Dan yang membuatnya terasa ganjil: keputusan itu kemudian dibatalkan. Tanpa penjelasan. Tanpa kalimat yang menjembatani mengapa, bagaimana, atau untuk apa. Seolah-olah kehormatan bisa direkat ulang dengan selembar memo baru. Adapun keterangan sesudahnya, dibaca tak ubahnya sebagai dalih.

Saya mencoba membayangkan perasaan seorang jenderal. Dan saya secara pribadi pernah berada di dekat seorang Jenderal TNI. Ia membangun karier puluhan tahun dalam barak dan di medan tempur yang berat. Ia memimpin anak-anak muda dalam disiplin yang nyaris tak kenal tanya. Tapi ia sendiri, dalam satu malam, bisa digeser, dan tak diberi alasan yang terang benderang.

Ada waktu ketika ketidakpastian itu hanya bisa ditanggapi dengan diam. Tapi diam, bila terlalu lama, bukan lagi keteguhan. Ia bisa berubah menjadi tanda bahwa sesuatu tak beres.

Dalam lima bulan pertama masa jabatannya saja, Panglima TNI Jenderal Agus Subiyanto telah melakukan mutasi berkali-kali. Dalam catatan resmi, bila tak keliru, lebih dari sepuluh kali. Tapi angka, seperti yang kita tahu, tak bisa menjelaskan semuanya. Yang tak tercatat adalah berapa banyak perasaan yang terguncang, berapa banyak keluarga yang harus bersiap pindah kota, dan berapa banyak kepercayaan yang mulai pudar karena rotasi terasa seperti lotre. Meski memang sebagai Ksatria negara, mereka sudah menyiapkan mental untuk itu.

Barangkali, semua itu demi penataan. Demi konsolidasi. Tapi bila terlalu sering dan terlalu tiba-tiba, apa yang tersisa dari rasa stabil? Sebab dalam militer, stabilitas bukan cuma urusan strategi. Ia adalah tiang bagi rasa percaya. Tiang bagi sistem komando yang tak boleh retak.

Di sini, saya teringat Drona. Guru besar Kurawa dan Pandawa.
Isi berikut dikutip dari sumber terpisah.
section \<open>Second differences of the eigenvalues\<close>

lemma second_difference_recurrence:
  fixes \<kappa> :: "nat \<Rightarrow> real"
  assumes rec: "\<And>k. 1 \<le> k \<Longrightarrow> k < n \<Longrightarrow> (real n - real k) * \<kappa> (Suc k) + real k * \<kappa> (k - 1) = s * \<kappa> k"
    and m: "1 \<le> m" "m + 2 < n"
  shows "(real (n - 2) - real m) * (\<kappa> (m + 3) - \<kappa> (m + 1)) + real m * (\<kappa> (m + 1) - \<kappa> (m - 1))
    = s * (\<kappa> (m + 2) - \<kappa> m)"
proof -
  have "(real n - real m) * \<kappa> (m + 1) + real m * \<kappa> (m - 1) = s * \<kappa> m"
    "(real n - (real m + 1)) * \<kappa> (m + 2) + (real m + 1) * \<kappa> m = s * \<kappa> (m + 1)"
    "(real n - (real m + 2)) * \<kappa> (m + 3) + (real m + 2) * \<kappa> (m + 1) = s * \<kappa> (m + 2)"
    using rec[of m] rec[of "m + 1"] rec[of "m + 2"] m by (simp_all add: add.commute eval_nat_numeral)
  then have "real n * ((real n - 2 - real m) * (\<kappa> (m + 3) - \<kappa> (m + 1)) + real m * (\<kappa> (m + 1) - \<kappa> (m - 1))
      - s * (\<kappa> (m + 2) - \<kappa> m)) = 0"
    by algebra
  then show ?thesis using m by (simp add: of_nat_diff)
qed

lemma second_difference_initial:
  fixes \<kappa> :: "nat \<Rightarrow> real"
  assumes rec: "\<And>k. 1 \<le> k \<Longrightarrow> k < n \<Longrightarrow> (real n - real k) * \<kappa> (Suc k) + real k * \<kappa> (k - 1) = s * \<kappa> k"
    and \<kappa>: "\<kappa> 0 = 1" "\<kappa> 1 = s / real n" and n: "3 < n"
  shows "(real n - 2) * (\<kappa> 3 - \<kappa> 1) = s * (\<kappa> 2 - \<kappa> 0)"
    and "\<kappa> 2 - \<kappa> 0 = (s^2 - (real n)^2) / (real n * (real n - 1))"
proof -
  have r: "(real n - 1) * \<kappa> 2 + \<kappa> 0 = s * \<kappa> 1" "(real n - 2) * \<kappa> 3 + 2 * \<kappa> 1 = s * \<kappa> 2"
    using rec[of 1] rec[of 2] n by (simp_all add: numeral_2_eq_2 numeral_3_eq_3)
  have "real n * \<kappa> 1 = s" using \<kappa> n by simp
  then show "(real n - 2) * (\<kappa> 3 - \<kappa> 1) = s * (\<kappa> 2 - \<kappa> 0)"
    using r(2) \<kappa>(1) by (simp add: algebra_simps; linarith)
  have "(real n - 1) * \<kappa> 2 = s * s / real n - 1" using r(1) \<kappa> by simp
  then have "\<kappa> 2 = (s * s / real n - 1) / (real n - 1)"
    using n by (simp add: field_simps)
  then show "\<kappa> 2 - \<kappa> 0 = (s^2 - (real n)^2) / (real n * (real n - 1))"
    using n \<kappa>(1) by (simp add: field_simps power2_eq_square)
qed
Seorang panglima yang tak pernah benar-benar memihak. Ia percaya pada kedisiplinan. Tapi ia juga tahu, dalam dunia ksatria, kedisiplinan tak cukup bila tanpa penghargaan. Bila mereka yang setia hanya dipindahkan seperti bidak, maka apa bedanya kehormatan dengan angka?

Saya tidak tahu apakah Presiden Prabowo mengetahui mutasi-mutasi ini sejak awal. Tapi bahkan jika tahu pun, transparansi tetaplah penting. Sebab militer bukan dunia yang steril dari pertanyaan. Justru karena tertib dan hirarkis, setiap pergeseran di sana harus membawa pesan yang jelas.
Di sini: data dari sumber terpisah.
(* Assume property (P$_R$) holds with constants $m_b$ and $\theta_R>0$, and $N\ge 2m_b$. Consider the semidiscrete scheme $$J a\,\ddot u=\mathbb D_{jk}(\alpha_{ijik}b)\,u+\mathrm{SAT},$$ $$\mathrm{SAT}=H^{-1}\sum_{f\in F}\big(e_f^T\,b\,D_{\hat n}\big)^T\gamma H_f\,(e_f^Tu-0)\;-\;H^{-1}\sum_{f\in F}e_f\,A\,\gamma\,H_f\,(e_f^Tu-0),$$ where on face $f$ (with its normal $\nu$) $$A=\frac1\gamma\sum_k|\nu_k|\Big(\tau_H\eta_k+\tau_R\frac{\eta_k^2}{(\eta_k)_{\min}}\Big),$$ and $\gamma, b, A$ in the face terms denote diagonal matrices of face values. If $$\tau_H\ge\frac{d}{h\,\theta_H},\qquad \tau_R\ge\frac{1}{h\,\theta_R},$$ then the scheme is stable in the following sense: the quantity $$E_D=E-\langle bD_{\hat n}u,\,u\rangle_{\Gamma',h}+\tfrac12\langle Au,\,u\rangle_{\Gamma',h}$$ satisfies $\frac{dE_D}{dt}=0$ along every solution, and $E_D\ge0$ for all $u,\dot u$.
   Context: Summation convention: repeated subscript indices are summed from $1$ to $d$ unless "no sum" is stated. Every grid function (coefficient) is identified with the diagonal matrix of its grid values. One-dimensional SBP operators: on an equidistant grid of $N$ points with spacing $h$, let $e_\ell=(1,0,\dots,0)^T$, $e_r=(0,\dots,0,1)^T$, $H_\xi = h\,\mathrm{diag}(w_1,\dots,w_s,1,\dots,1,w_s,\dots,w_1)$ with all $w_i>0$, and $\theta_H:=w_1$. $D_\xi$ is an $N\times N$ matrix with $H_\xi D_\xi + D_\xi^T H_\xi = -e_\ell e_\ell^T + e_r e_r^T$; $\hat D_\xi$ is another $N\times N$ matrix and $\Delta D_\xi = D_\xi-\hat D_\xi$. For each grid function $c$, $D_{\xi\xi}(c)$ and $R_{\xi\xi}(c)$ are $N\times N$ matrices with $H_\xi D_{\xi\xi}(c) = -D_\xi^T H_\xi c D_\xi - R_{\xi\xi}(c) - e_\ell c_\ell e_\ell^T \hat D_\xi + e_r c_r e_r^T\hat D_\xi$ ($c_\ell,c_r$ the endpoint values of $c$), where $R_{\xi\xi}(c)$ depends linearly on $c$ and is symmetric positive semidefinite whenever $c\ge 0$ entrywise. Property (P$_R$): for all grid functions $c\ge 0$ on the one-dimensional grid and all $u$, $u^TR_{\xi\xi}(c)u\ge h\theta_R\,c_{\ell,\min}(e_\ell^T\Delta D_\xi u)^2+h\theta_R\,c_{r,\min}(e_r^T\Delta D_\xi u)^2$, where $c_{\ell,\min},c_{r,\min}$ are the minima of $c$ over the $m_b$ leftmost, resp. rightmost, grid points. Multi-dimensional operators: the reference domain $\Omega=[0,1]^d$ carries the tensor-product grid with $N$ points and spacing $h$ in each direction. $D_i$, $\hat D_i$, $H_i$ are the Kronecker products $I\otimes\cdots\otimes X\otimes\cdots\otimes I$ with $X=D_\xi,\hat D_\xi,H_\xi$ respectively in the $i$th factor; $\Delta D_i=D_i-\hat D_i$; $H=H_\xi\otimes\cdots\otimes H_\xi$ ($d$ factors). For a grid function $c$, $D_{ii}(c)$ (resp. $\widetilde R_{ii}(c)$) applies $D_{\xi\xi}$ (resp. $R_{\xi\xi}$), with $c$ restricted to the line, along every grid line in direction $i$, and $R_{ii}(c)=H_i^{-1}H\widetilde R_{ii}(c)$. Define $\mathbb D_{jk}(c)=D_{jj}(c)$ if $j=k$ and $\mathbb D_{jk}(c)=D_j c D_k$ if $j\ne k$. Faces: $\Gamma_i^-=\{\xi_i=0\}$, $\Gamma_i^+=\{\xi_i=1\}$, $F$ the set of all $2d$ faces. For $f\in F$, $e_f$ is the restriction matrix such that $e_f^Tu$ is the vector of values of $u$ at the grid points of $f$; for $f=\Gamma_i^\pm$, $H_f$ is the Kronecker product of $d-1$ copies of $H_\xi$ (direction $i$ omitted), and $\nu=(\nu_1,\dots,\nu_d)$ is the outward unit normal of $f$ in reference coordinates ($\nu_i=\pm1$, other components $0$). Discrete forms: $\langle u,v\rangle_{\Omega,h}=u^THv$, $\langle u,v\rangle_{\Gamma,h}=\sum_{f\in F}(e_f^Tu)^TH_f(e_f^Tv)$, where in the term for face $f$ every occurrence of $\nu$ or of face-dependent quantities refers to face $f$ (also at edge and corner points); $\|u\|^2_{\Omega,h}=\langle u,u\rangle_{\Omega,h}$, $\|u\|^2_{\Gamma,h}=\langle u,u\rangle_{\Gamma,h}$. Geometry and coefficients: a smooth bijection $\vec x(\vec\xi)$ from $\Omega$ onto the physical domain $\Omega'$; $\mathcal J_{ij}=\partial x_j/\partial\xi_i$, $J=\det\mathcal J>0$, $\mathcal K_{ij}=\partial\xi_j/\partial x_i$; $\gamma>0$ on $\partial\Omega$ is defined by $d\Gamma'=\gamma\,d\Gamma$ (surface element ratio); $a>0$, $b>0$ are coefficient functions; all are evaluated at grid points and regarded as diagonal matrices. $\alpha_{ijkl}=\mathcal K_{ij}J\mathcal K_{kl}$. Physical forms: $\langle u,v\rangle_{\Omega',h}=\langle u,Jv\rangle_{\Omega,h}$, $\langle u,v\rangle_{\Gamma',h}=\langle u,\gamma v\rangle_{\Gamma,h}$, with associated squared (semi)norms. $D_{x_i}=\mathcal K_{ij}D_j$. The discrete normal derivative (used at boundary points, face by face) is $D_{\hat n}=\nu_j\frac{\alpha_{ijik}}{\gamma}D_k-\sum_k\nu_k\frac{\alpha_{ikik}}{\gamma}\Delta D_k$. Let $\eta_k=\alpha_{ikik}b$ (sum over $i$, no sum over $k$). At a grid point of a face $\Gamma_k^\pm$, $(\eta_k)_{\min}$ is the minimum of $\eta_k$ over the $m_b$ grid points closest to that face on the grid line in direction $k$ through that point (the term containing it is multiplied by $|\nu_k|$, so it is only needed on faces $\Gamma_k^\pm$). The discrete energy is $$E=\tfrac12\|\sqrt a\,\dot u\|^2_{\Omega',h}+\tfrac12\sum_i\|\sqrt b\,D_{x_i}u\|^2_{\Omega',h}+\tfrac12\sum_k u^TR_{kk}(\eta_k)u.$$ All coefficients are time-independent. *)

theory Defs
  imports "HOL-Analysis.Analysis"
begin

text \<open>One-dimensional grid: indices 0..N-1 (index 0 is the left end, N-1 the right end).
  Matrices are functions nat => nat => real, only entries with indices below N matter.
  H_xi = h diag(w), theta_H = w 0. Grid functions c are nat => real.\<close>

definition sbp_1d ::
  "nat \<Rightarrow> real \<Rightarrow> (nat \<Rightarrow> real) \<Rightarrow> nat \<Rightarrow> (nat \<Rightarrow> nat \<Rightarrow> real) \<Rightarrow> (nat \<Rightarrow> nat \<Rightarrow> real)
   \<Rightarrow> ((nat \<Rightarrow> real) \<Rightarrow> nat \<Rightarrow> nat \<Rightarrow> real) \<Rightarrow> ((nat \<Rightarrow> real) \<Rightarrow> nat \<Rightarrow> nat \<Rightarrow> real) \<Rightarrow> bool"
where
  "sbp_1d N h w s D Dh Dxx R \<longleftrightarrow>
     \<comment> \<open>structure of the norm matrix H_xi = h diag(w_1..w_s,1,..,1,w_s..w_1)\<close>
     2 * s \<le> N \<and>
     (\<forall>i<N. 0 < w i) \<and>
     (\<forall>i<s. w (N - 1 - i) = w i) \<and>
     (\<forall>i. s \<le> i \<and> i < N - s \<longrightarrow> w i = 1) \<and>
     \<comment> \<open>SBP property H D + D^T H = - e_l e_l^T + e_r e_r^T\<close>
     (\<forall>i<N. \<forall>j<N. h * w i * D i j + D j i * (h * w j)
        = - (if i = 0 \<and> j = 0 then 1 else 0) + (if i = N - 1 \<and> j = N - 1 then 1 else 0)) \<and>
     \<comment> \<open>H D_xixi(c) = -D^T H c D - R(c) - e_l c_l e_l^T Dhat + e_r c_r e_r^T Dhat\<close>
     (\<forall>c. \<forall>i<N. \<forall>j<N. h * w i * Dxx c i j
        = - (\<Sum>k<N. D k i * (h * w k) * c k * D k j) - R c i j
          - (if i = 0 then c 0 * Dh 0 j else 0)
          + (if i = N - 1 then c (N - 1) * Dh (N - 1) j else 0)) \<and>
     \<comment> \<open>R depends linearly on c\<close>
     (\<forall>c c' x y. \<forall>i<N. \<forall>j<N. R (\<lambda>k. x * c k + y * c' k) i j = x * R c i j + y * R c' i j) \<and>
     \<comment> \<open>R(c) symmetric positive semidefinite whenever c \<ge> 0\<close>
     (\<forall>c. (\<forall>k<N. 0 \<le> c k) \<longrightarrow>
        (\<forall>i<N. \<forall>j<N. R c i j = R c j i) \<and>
        (\<forall>u. 0 \<le> (\<Sum>i<N. \<Sum>j<N. u i * R c i j * u j)))"

definition prop_PR ::
  "nat \<Rightarrow> real \<Rightarrow> (nat \<Rightarrow> nat \<Rightarrow> real) \<Rightarrow> (nat \<Rightarrow> nat \<Rightarrow> real)
   \<Rightarrow> ((nat \<Rightarrow> real) \<Rightarrow> nat \<Rightarrow> nat \<Rightarrow> real) \<Rightarrow> nat \<Rightarrow> real \<Rightarrow> bool"
where
  "prop_PR N h D Dh R mb thetaR \<longleftrightarrow>
     (\<forall>c u. (\<forall>k<N. 0 \<le> c k) \<longrightarrow>
        (\<Sum>i<N. \<Sum>j<N. u i * R c i j * u j)
          \<ge> h * thetaR * Min (c ` {..<mb}) * (\<Sum>j<N. (D 0 j - Dh 0 j) * u j)\<^sup>2
           + h * thetaR * Min (c ` {N - mb..<N}) * (\<Sum>j<N. (D (N - 1) j - Dh (N - 1) j) * u j)\<^sup>2)"

text \<open>Directions are the elements of a finite type 'd, d = CARD('d).
  Grid points of [0,1]^d are functions p :: 'd => nat with p i < N.\<close>

definition grid :: "nat \<Rightarrow> ('d::finite \<Rightarrow> nat) set" where
  "grid N = {p. \<forall>i. p i < N}"

definition mv :: "nat \<Rightarrow> (('d::finite \<Rightarrow> nat) \<Rightarrow> ('d \<Rightarrow> nat) \<Rightarrow> real) \<Rightarrow> (('d \<Rightarrow> nat) \<Rightarrow> real)
                   \<Rightarrow> ('d \<Rightarrow> nat) \<Rightarrow> real" where
  "mv N M u p = (\<Sum>q\<in>grid N. M p q * u q)"

text \<open>Kronecker product I x ... x X x ... x I with X in the i-th factor.\<close>
definition kron :: "'d \<Rightarrow> (nat \<Rightarrow> nat \<Rightarrow> real) \<Rightarrow> ('d \<Rightarrow> nat) \<Rightarrow> ('d \<Rightarrow> nat) \<Rightarrow> real" where
  "kron i X p q = (if (\<forall>k. k \<noteq> i \<longrightarrow> p k = q k) then X (p i) (q i) else 0)"

text \<open>Diagonal of H = H_xi x ... x H_xi.\<close>
definition Hfull :: "real \<Rightarrow> (nat \<Rightarrow> real) \<Rightarrow> ('d::finite \<Rightarrow> nat) \<Rightarrow> real" where
  "Hfull h w p = (\<Prod>k\<in>UNIV. h * w (p k))"

text \<open>Diagonal of the product of the H_xi over all directions except i
  (this is H_f for a face normal to direction i, and also H_i^{-1} H).\<close>
definition Hexcept :: "real \<Rightarrow> (nat \<Rightarrow> real) \<Rightarrow> 'd::finite \<Rightarrow> ('d \<Rightarrow> nat) \<Rightarrow> real" where
  "Hexcept h w i p = (\<Prod>k\<in>UNIV - {i}. h * w (p k))"

definition line_restrict :: "nat \<Rightarrow> 'd \<Rightarrow> ('d \<Rightarrow> nat) \<Rightarrow> (('d \<Rightarrow> nat) \<Rightarrow> real) \<Rightarrow> nat \<Rightarrow> real" where
  "line_restrict N i p c = (\<lambda>j. if j < N then c (p(i := j)) else 0)"

text \<open>D_ii(c) and tilde R_ii(c): apply the 1D operator along every grid line in direction i.\<close>
definition Dii :: "nat \<Rightarrow> ((nat \<Rightarrow> real) \<Rightarrow> nat \<Rightarrow> nat \<Rightarrow> real) \<Rightarrow> 'd \<Rightarrow> (('d \<Rightarrow> nat) \<Rightarrow> real)
                    \<Rightarrow> ('d \<Rightarrow> nat) \<Rightarrow> ('d \<Rightarrow> nat) \<Rightarrow> real" where
  "Dii N Dxx i c p q =
     (if (\<forall>k. k \<noteq> i \<longrightarrow> p k = q k) then Dxx (line_restrict N i p c) (p i) (q i) else 0)"

text \<open>R_ii(c) = H_i^{-1} H tilde R_ii(c).\<close>
definition Rii :: "nat \<Rightarrow> real \<Rightarrow> (nat \<Rightarrow> real) \<Rightarrow> ((nat \<Rightarrow> real) \<Rightarrow> nat \<Rightarrow> nat \<Rightarrow> real) \<Rightarrow> 'd::finite
                    \<Rightarrow> (('d \<Rightarrow> nat) \<Rightarrow> real) \<Rightarrow> ('d \<Rightarrow> nat) \<Rightarrow> ('d \<Rightarrow> nat) \<Rightarrow> real" where
  "Rii N h w R i c p q = Hexcept h w i p * Dii N R i c p q"

definition DD :: "nat \<Rightarrow> (nat \<Rightarrow> nat \<Rightarrow> real) \<Rightarrow> ((nat \<Rightarrow> real) \<Rightarrow> nat \<Rightarrow> nat \<Rightarrow> real) \<Rightarrow> 'd::finite \<Rightarrow> 'd
                   \<Rightarrow> (('d \<Rightarrow> nat) \<Rightarrow> real) \<Rightarrow> ('d \<Rightarrow> nat) \<Rightarrow> ('d \<Rightarrow> nat) \<Rightarrow> real" where
  "DD N D Dxx j k c p q =
     (if j = k then Dii N Dxx j c p q
      else (\<Sum>r\<in>grid N. kron j D p r * c r * kron k D r q))"

text \<open>A face is (i, s): s = False is Gamma_i^- = {xi_i = 0}, s = True is Gamma_i^+ = {xi_i = 1}.\<close>
definition facepts :: "nat \<Rightarrow> 'd::finite \<times> bool \<Rightarrow> ('d \<Rightarrow> nat) set" where
  "facepts N f = {p \<in> grid N. p (fst f) = (if snd f then N - 1 else 0)}"

definition nu :: "'d::finite \<times> bool \<Rightarrow> real^'d" where
  "nu f = (\<chi> j. if j = fst f then (if snd f then 1 else -1) else 0)"

definition side_idx :: "nat \<Rightarrow> nat \<Rightarrow> 'd \<times> bool \<Rightarrow> nat set" where
  "side_idx N mb f = (if snd f then {N - mb..<N} else {..<mb})"

text \<open>Jm p is the Jacobian matrix (Jm p)\$i\$j = dx_j/dxi_i at the grid point p;
  J = det Jm, K = Jm^{-1} (K_ij = dxi_j/dx_i).\<close>
definition Kmat :: "(('d::finite \<Rightarrow> nat) \<Rightarrow> real^'d^'d) \<Rightarrow> ('d \<Rightarrow> nat) \<Rightarrow> real^'d^'d" where
  "Kmat Jm p = matrix_inv (Jm p)"

definition Jdet :: "(('d::finite \<Rightarrow> nat) \<Rightarrow> real^'d^'d) \<Rightarrow> ('d \<Rightarrow> nat) \<Rightarrow> real" where
  "Jdet Jm p = det (Jm p)"

definition alpha :: "(('d::finite \<Rightarrow> nat) \<Rightarrow> real^'d^'d) \<Rightarrow> ('d \<Rightarrow> nat) \<Rightarrow> 'd \<Rightarrow> 'd \<Rightarrow> 'd \<Rightarrow> 'd \<Rightarrow> real" where
  "alpha Jm p i j k l = Kmat Jm p $ i $ j * Jdet Jm p * Kmat Jm p $ k $ l"

text \<open>Surface element ratio d Gamma' = gamma d Gamma at a point of face f (Nanson's formula
  gamma = J |K nu|).\<close>
definition gam :: "(('d::finite \<Rightarrow> nat) \<Rightarrow> real^'d^'d) \<Rightarrow> 'd \<times> bool \<Rightarrow> ('d \<Rightarrow> nat) \<Rightarrow> real" where
  "gam Jm f p = Jdet Jm p * norm (Kmat Jm p *v nu f)"

definition eta :: "(('d::finite \<Rightarrow> nat) \<Rightarrow> real^'d^'d) \<Rightarrow> (('d \<Rightarrow> nat) \<Rightarrow> real) \<Rightarrow> 'd \<Rightarrow> ('d \<Rightarrow> nat) \<Rightarrow> real" where
  "eta Jm b k p = (\<Sum>i\<in>UNIV. alpha Jm p i k i k * b p)"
Bukan hanya kepada mereka yang digeser, tapi kepada seluruh pasukan: bahwa semua ini bukan permainan, bahwa semua ini bukan sekadar soal siapa dekat siapa.

Mayjen Achiruddin misalnya, dipindah dari Danpaspampres ke Pangdam VI/Mulawarman, lalu kembali lagi ke posisi semula dalam waktu kurang dari setahun. Di kertas, mungkin semua tampak rapi. Tapi di dalam hati para prajurit yang menyaksikan, ada tanya yang mungkin tak terucap: mengapa?
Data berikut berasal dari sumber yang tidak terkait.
(* Let $j\in\{\tfrac12,1,\tfrac32,\dots\}$, $\Delta>1$, $b\ge 1$, $1\le y\le b$, and let $\vec B=(B_1,B_2,B_3)\in\mathbb R^3$ with $B_1^2+B_2^2>0$. Consider on $\bigotimes_{x=1}^b\mathbb C^{2j+1}$ the operator $$H^{+-}(\vec B)=-\sum_{x=1}^{b-1}\Big[\tfrac1\Delta\big(S^1_xS^1_{x+1}+S^2_xS^2_{x+1}\big)+S^3_xS^3_{x+1}-j^2\mathbf 1\Big]-jA\,(S^3_1-S^3_b)+B_1S^1_y+B_2S^2_y+B_3S^3_y .$$ Then the ground state of $H^{+-}(\vec B)$ is (up to scalar multiples) the product state $\psi(z)=\bigotimes_{x=1}^b\chi_x(z)$ with $$z=-\frac{\|\vec B\|+B_3}{B_1-iB_2}\,q^{y},$$ and the ground state energy is $-j\|\vec B\|$.
   Context: Each site carries $\mathbb C^{2j+1}$ with the spin-$j$ representation $S^1,S^2,S^3$ satisfying $[S^\alpha,S^\beta]=i\epsilon^{\alpha\beta\gamma}S^\gamma$; $S^\alpha_x$ denotes the copy acting on site $x$. Let $|m\rangle$, $m\in\{-j,-j+1,\dots,j\}$, be the standard basis with $S^3|m\rangle=m|m\rangle$ and $S^{\pm}=S^1\pm iS^2$ acting as $S^\pm|m\rangle=\sqrt{j(j+1)-m(m\pm1)}\,|m\pm1\rangle$. Set $A=\sqrt{1-\Delta^{-2}}$, and let $0<q<1$ be defined by $q+q^{-1}=2\Delta$. Put $w_m=\sqrt{\binom{2j}{m+j}}$ and, for $z\in\mathbb C$ and site $x$, $$\chi_x(z)=(1+|z|^2q^{-2x})^{-j}\sum_{m=-j}^{j}(zq^{-x})^{j-m}\,w_m\,|m\rangle .$$ $\|\vec B\|$ is the Euclidean norm of $\vec B$. *)

theory Defs
  imports Complex_Main "HOL-Library.FuncSet"
begin

text \<open>Spin j = n/2 with n = 2j a positive natural number. The basis vector |m> of
  a single site is indexed by k = m + j in {0..n}. A basis configuration of the chain
  of b sites is a function sigma in PiE {1..b} (\<lambda>_. {0..n}); vectors of the tensor
  product are functions from configurations to complex numbers (only the values on
  configurations matter).\<close>

type_synonym cfg = "nat \<Rightarrow> nat"
type_synonym vec = "cfg \<Rightarrow> complex"

definition configs :: "nat \<Rightarrow> nat \<Rightarrow> cfg set" where
  "configs n b = PiE {1..b} (\<lambda>_. {0..n})"

definition spin_j :: "nat \<Rightarrow> real" where
  "spin_j n = real n / 2"

definition mval :: "nat \<Rightarrow> nat \<Rightarrow> real" where
  "mval n k = real k - spin_j n"

definition S3m :: "nat \<Rightarrow> nat \<Rightarrow> nat \<Rightarrow> complex" where
  "S3m n k' k = (if k' = k then complex_of_real (mval n k) else 0)"

definition Spm :: "nat \<Rightarrow> nat \<Rightarrow> nat \<Rightarrow> complex" where
  "Spm n k' k = (if k' = k + 1 then complex_of_real
      (sqrt (spin_j n * (spin_j n + 1) - mval n k * (mval n k + 1))) else 0)"

definition Smm :: "nat \<Rightarrow> nat \<Rightarrow> nat \<Rightarrow> complex" where
  "Smm n k' k = (if k = k' + 1 then complex_of_real
      (sqrt (spin_j n * (spin_j n + 1) - mval n k * (mval n k - 1))) else 0)"

definition S1m :: "nat \<Rightarrow> nat \<Rightarrow> nat \<Rightarrow> complex" where
  "S1m n k' k = (Spm n k' k + Smm n k' k) / 2"

definition S2m :: "nat \<Rightarrow> nat \<Rightarrow> nat \<Rightarrow> complex" where
  "S2m n k' k = (Spm n k' k - Smm n k' k) / (2 * \<i>)"

definition site_op :: "nat \<Rightarrow> (nat \<Rightarrow> nat \<Rightarrow> complex) \<Rightarrow> nat \<Rightarrow> vec \<Rightarrow> vec" where
  "site_op n M x v = (\<lambda>\<sigma>. \<Sum>k\<in>{0..n}. M (\<sigma> x) k * v (\<sigma>(x := k)))"

abbreviation S1 where "S1 n x \<equiv> site_op n (S1m n) x"
abbreviation S2 where "S2 n x \<equiv> site_op n (S2m n) x"
abbreviation S3 where "S3 n x \<equiv> site_op n (S3m n) x"

definition Aconst :: "real \<Rightarrow> real" where
  "Aconst \<Delta> = sqrt (1 - 1 / \<Delta>\<^sup>2)"

definition qpar :: "real \<Rightarrow> real" where
  "qpar \<Delta> = (THE q. 0 < q \<and> q < 1 \<and> q + 1 / q = 2 * \<Delta>)"

definition Hpm :: "nat \<Rightarrow> real \<Rightarrow> nat \<Rightarrow> nat \<Rightarrow> real \<Rightarrow> real \<Rightarrow> real \<Rightarrow> vec \<Rightarrow> vec" where
  "Hpm n \<Delta> b y B1 B2 B3 v = (\<lambda>\<sigma>.
     - (\<Sum>x\<in>{1..<b}.
          complex_of_real (1 / \<Delta>) *
            (S1 n x (S1 n (x + 1) v) \<sigma> + S2 n x (S2 n (x + 1) v) \<sigma>)
          + S3 n x (S3 n (x + 1) v) \<sigma>
          - complex_of_real ((spin_j n)\<^sup>2) * v \<sigma>)
     - complex_of_real (spin_j n * Aconst \<Delta>) * (S3 n 1 v \<sigma> - S3 n b v \<sigma>)
     + complex_of_real B1 * S1 n y v \<sigma>
     + complex_of_real B2 * S2 n y v \<sigma>
     + complex_of_real B3 * S3 n y v \<sigma>)"

definition wcoef :: "nat \<Rightarrow> nat \<Rightarrow> real" where
  "wcoef n k = sqrt (real (n choose k))"

definition chi :: "nat \<Rightarrow> real \<Rightarrow> nat \<Rightarrow> complex \<Rightarrow> nat \<Rightarrow> complex" where
  "chi n q x z k = complex_of_real ((1 + (cmod z)\<^sup>2 * (1 / q) ^ (2 * x)) powr (- spin_j n))
      * (z * complex_of_real ((1 / q) ^ x)) ^ (n - k) * complex_of_real (wcoef n k)"

definition psi :: "nat \<Rightarrow> real \<Rightarrow> nat \<Rightarrow> complex \<Rightarrow> vec" where
  "psi n q b z = (\<lambda>\<sigma>. if \<sigma> \<in> configs n b then (\<Prod>x\<in>{1..b}. chi n q x z (\<sigma> x)) else 0)"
Dalam dunia yang harusnya tegak, kejanggalan semacam itu bisa menggoda spekulasi. Dan spekulasi, seperti dalam lakon pewayangan, adalah racun yang paling pelan tapi paling merusak.

Saya kira Panglima tahu itu. Tapi kadang, kekuasaan yang terlalu sibuk bisa lupa: bahwa yang diurus bukan hanya struktur. Yang mereka pimpin adalah manusia. Dan manusia, seperti siapa pun dari kita, tak bisa sepenuhnya tahan terhadap perlakuan yang terasa sembarangan.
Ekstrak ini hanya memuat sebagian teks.